OBJECTIVE: The aims of this study were to present the results of hand-assisted laparoscopic partial nephrectomy according to the margin, ischaemia and complications system; to assess the role of the learning curve; and to compare this approach with other approaches.
MATERIAL AND METHODS: Data from 60 consecutive patients were obtained from a prospectively maintained database. The patients were divided into three cohorts (1, 2 and 3), with 20 patients each, according to their surgery dates.
RESULTS: The overall margin, ischaemia and complications rate was 90%. The warm ischaemia time was 9.5 min in cohort 1, decreasing to 5 min in cohort 3 (p < 0.0001). The Padua score (p = 0.0287) and tumour size (p = 0.0003) were significantly increased in cohort 3, but loss of kidney function decreased significantly to 3.5% in this cohort. Loss of kidney function of less than 5% was reported for eight (40%), nine (45%) and 14 (70%) patients in cohorts 1, 2 and 3, respectively (p = 0.0185).

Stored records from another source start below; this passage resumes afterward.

lemma vec_lincomb_pad:
  assumes "r \<le> s"
  shows "vec_lincomb n s (\<lambda>j. if j < r then a j else 0) f = vec_lincomb n r a f"
proof (rule eq_vecI)
  fix i assume "i < dim_vec (vec_lincomb n r a f)"
  then have "i < n" by simp
  moreover have "{j \<in> {..<s}. j < r} = {..<r}" using assms by auto
  ultimately show "vec_lincomb n s (\<lambda>j. if j < r then a j else 0) f $ i = vec_lincomb n r a f $ i"
    by (simp add: if_distrib[of "\<lambda>x. x * _"] sum.inter_filter[symmetric] cong: if_cong)
qed simp

lemma mult_mat_vec_lincomb:
  assumes P: "P \<in> carrier_mat n m" and f: "\<And>j. j < r \<Longrightarrow> f j \<in> carrier_vec m"
  shows "P *\<^sub>v vec_lincomb m r a f = vec_lincomb n r a (\<lambda>j. P *\<^sub>v f j)"
proof (rule eq_vecI)
  fix i assume "i < dim_vec (vec_lincomb n r a (\<lambda>j. P *\<^sub>v f j))"
  then have i: "i < n" by simp
  have "(P *\<^sub>v vec_lincomb m r a f) $ i = (\<Sum>s<m. P $$ (i, s) * (\<Sum>j<r. a j * f j $ s))"
    using P i by (simp add: scalar_prod_def lessThan_atLeast0)
  also have "\<dots> = (\<Sum>j<r. a j * (\<Sum>s<m. P $$ (i, s) * f j $ s))"
    by (simp add: sum_distrib_left sum.swap[of _ "{..<m}"] mult_ac)
  also have "\<dots> = vec_lincomb n r a (\<lambda>j. P *\<^sub>v f j) $ i"
  proof -
    have "(P *\<^sub>v f j) $ i = (\<Sum>s<m. P $$ (i, s) * f j $ s)" if "j < r" for j
      using P i f[OF that] by (simp add: scalar_prod_def lessThan_atLeast0)
    then show ?thesis using i by simp
  qed
  finally show "(P *\<^sub>v vec_lincomb m r a f) $ i = vec_lincomb n r a (\<lambda>j. P *\<^sub>v f j) $ i" .
qed (use P in simp)
(* Consider the planar system \[ \frac{dx}{dt}= x\Big(1-\frac{x}{\gamma}\Big)-\frac{xy}{(1+\alpha\xi)(\omega x^2+1)+x},\qquad \frac{dy}{dt}= \frac{\delta\big(x+\xi(\omega x^2+1)\big)y}{(1+\alpha\xi)(\omega x^2+1)+x}-my-\epsilon y^2, \] with positive parameters $\gamma,\alpha,\xi,\omega,\delta,m,\epsilon$ satisfying $\delta>m$. Then every solution of this system with initial condition in the positive quadrant ($x(0)>0$, $y(0)>0$) remains bounded.
   Context: $x(t)$ and $y(t)$ denote the (nondimensionalized) prey and predator densities; $\gamma$ is the prey carrying capacity, $\alpha$ the quality and $\xi$ the quantity of additional food given to predators, $\omega$ the prey group defence parameter, $\delta$ the maximal predator growth rate, $m$ the predator mortality rate and $\epsilon$ the intra-specific competition coefficient among predators. *)

theory Defs
  imports Complex_Main
begin

definition denom :: "real \<Rightarrow> real \<Rightarrow> real \<Rightarrow> real \<Rightarrow> real" where
  "denom \<alpha> \<xi> \<omega> x = (1 + \<alpha> * \<xi>) * (\<omega> * x\<^sup>2 + 1) + x"
(* Fix an integer $n$. Let $A=\mathbb Z[t_1^{\pm1},t_3^{\pm1}]$ regarded as a free abelian group on the monomials $t_1^\alpha t_3^\beta$, and let $K\subset A$ be the subgroup generated by the elements $$t_1^{\alpha-\beta}t_3^{-\beta}-t_1^{\alpha}t_3^{\alpha-\beta}+(-1)^{n-1}\big(t_1^{\beta}t_3^{\beta-\alpha}-t_1^{\beta-\alpha}t_3^{-\alpha}\big),\qquad \alpha,\beta\in\mathbb Z.$$ Then $A/K$ is isomorphic to the direct sum of a free abelian group and an abelian group in which every element has order at most $2$. *)

theory Defs
  imports "HOL-Algebra.Free_Abelian_Groups"
begin

text \<open>The Laurent polynomial ring Z[t1^{+-1}, t3^{+-1}] as a free abelian group on the
  monomials; the monomial t1^a t3^b corresponds to the basis element frag_of (a, b).\<close>
definition LaurentA :: "(int \<times> int \<Rightarrow>\<^sub>0 int) monoid" where
  "LaurentA = free_Abelian_group UNIV"

definition Kgen :: "int \<Rightarrow> int \<Rightarrow> int \<Rightarrow> (int \<times> int \<Rightarrow>\<^sub>0 int)" where
  "Kgen n \<alpha> \<beta> =
     frag_of (\<alpha> - \<beta>, - \<beta>) - frag_of (\<alpha>, \<alpha> - \<beta>)
     + frag_cmul (if odd n then 1 else -1)
         (frag_of (\<beta>, \<beta> - \<alpha>) - frag_of (\<beta> - \<alpha>, - \<alpha>))"

definition Ksub :: "int \<Rightarrow> (int \<times> int \<Rightarrow>\<^sub>0 int) set" where
  "Ksub n = generate LaurentA {Kgen n \<alpha> \<beta> | \<alpha> \<beta>. True}"

end

theory Submission
  imports Defs
begin
lemma DERIV_nonneg_at_left_max:
  fixes f :: "real \<Rightarrow> real"
  assumes "(f has_real_derivative f') (at x)" and "a < x" and "\<forall>y\<in>{a..x}. f y \<le> f x"
  shows "f' \<ge> 0"
proof (rule ccontr)
  assume "\<not> f' \<ge> 0"
  then obtain d where d: "d > 0" "\<forall>h>0. h < d \<longrightarrow> f x < f (x - h)"
    using DERIV_neg_dec_left[OF assms(1)] by force
  define h where "h = min d (x - a) / 2"
  have "0 < h" "h < d" "h < x - a" using d assms(2) unfolding h_def by auto
  then have "x - h \<in> {a..x}" by simp
  then show False using d \<open>0 < h\<close> \<open>h < d\<close> assms(3) by force
qed

lemma pd_pd_nonpos_at_local_max:
  fixes f :: "real^'n::finite \<Rightarrow> real"
  assumes S: "open S" "x \<in> S" and max: "\<forall>y\<in>S. f y \<le> f x"
    and df: "\<forall>y\<in>S. f differentiable at y" and dpf: "pd i f differentiable at x"
  shows "pd i (pd i f) x \<le> 0"
proof (rule ccontr)
  assume "\<not> ?thesis"
  then have curv: "pd i (pd i f) x > 0" by simp
  obtain r where r: "r > 0" "ball x r \<subseteq> S" using S open_contains_ball by blast
  define \<phi> where "\<phi> s = f (x + s *\<^sub>R axis i 1)" for s
  define \<psi> where "\<psi> s = pd i f (x + s *\<^sub>R axis i 1)" for s
  have inS: "x + s *\<^sub>R axis i 1 \<in> S" if "\<bar>s\<bar> < r" for s
    using that r by (auto simp: dist_norm)
  have d\<phi>: "(\<phi> has_real_derivative \<psi> s) (at s)" if "\<bar>s\<bar> < r" for s
    unfolding \<phi>_def \<psi>_def using pd_has_real_derivative_along_axis df inS[OF that] by blast
  have d\<psi>: "(\<psi> has_real_derivative pd i (pd i f) x) (at 0)"
    using pd_has_real_derivative_along_axis[of "pd i f" x 0 i] dpf unfolding \<psi>_def by simp
  have "\<psi> 0 = 0"
    by (rule DERIV_local_max[OF d\<phi>[of 0] r(1)]) (use r(1) inS max in \<open>auto simp: \<phi>_def\<close>)
  then obtain d where d: "d > 0" "\<forall>h>0. h < d \<longrightarrow> 0 < \<psi> h"
    using DERIV_pos_inc_right[OF d\<psi> curv] by force
  define h where "h = min d r / 2"
  have h: "0 < h" "h < d" "h < r" using d r unfolding h_def by auto
  obtain z where z: "0 < z" "z < h" "\<phi> h - \<phi> 0 = h * \<psi> z"
    using MVT2[of 0 h \<phi> \<psi>] d\<phi> h by force
  have "\<psi> z > 0" using d z h by simp
  then have "\<phi> h > \<phi> 0" using mult_pos_pos[OF h(1)] z(3) by fastforce
  moreover have "\<phi> h \<le> \<phi> 0" using max inS[of h] h unfolding \<phi>_def by simp
  ultimately show False by simp
qed

lemma lap_nonpos_at_local_max:
  fixes f :: "real^'n::finite \<Rightarrow> real"
  assumes "open S" "x \<in> S" "\<forall>y\<in>S. f y \<le> f x"
    and "\<forall>y\<in>S. f differentiable at y" and "\<forall>i. pd i f differentiable at x"
  shows "lap f x \<le> 0"
  unfolding lap_def using pd_pd_nonpos_at_local_max[OF assms(1-4)] assms(5) by (simp add: sum_nonpos)

lemma integrable_on_continuous_on_closure:
  fixes f :: "'a::euclidean_space \<Rightarrow> real"
  assumes "bounded \<Omega>" "open \<Omega>" "continuous_on (closure \<Omega>) f"
  shows "f integrable_on \<Omega>"
proof -
  have \<Omega>: "\<Omega> \<in> sets lebesgue" using assms(2) by (simp add: borel_open sets_completionI_sets)
  have "compact (f ` closure \<Omega>)"
    using assms(1,3) compact_closure compact_continuous_image by blast
  then obtain b where b: "\<forall>x\<in>closure \<Omega>. norm (f x) \<le> b"
    using compact_imp_bounded bounded_iff by (metis image_eqI)
  have "f \<in> borel_measurable (lebesgue_on \<Omega>)"
    using continuous_imp_measurable_on_sets_lebesgue continuous_on_subset[OF assms(3) closure_subset] \<Omega>
    by blast
  moreover have "(\<lambda>_. b) integrable_on \<Omega>"
    using integrable_on_const lmeasurable_open[OF assms(1,2)] by blast
  ultimately have "f absolutely_integrable_on \<Omega>"
    using measurable_bounded_by_integrable_imp_absolutely_integrable[OF _ \<Omega>] b closure_subset
    by blast
  then show ?thesis using set_lebesgue_integral_eq_integral(1) by blast
qed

CONCLUSIONS: Hand-assisted laparoscopic partial nephrectomy with early removal of arterial clamps is safe and easy to learn. An expert laparoscopic surgeon can perform hand-assisted laparoscopic partial nephrectomy for complex tumours with a relatively high success rate according to the margin, ischaemia and complications system. Warm ischaemia time could be obtained within 5 min after 40 procedures.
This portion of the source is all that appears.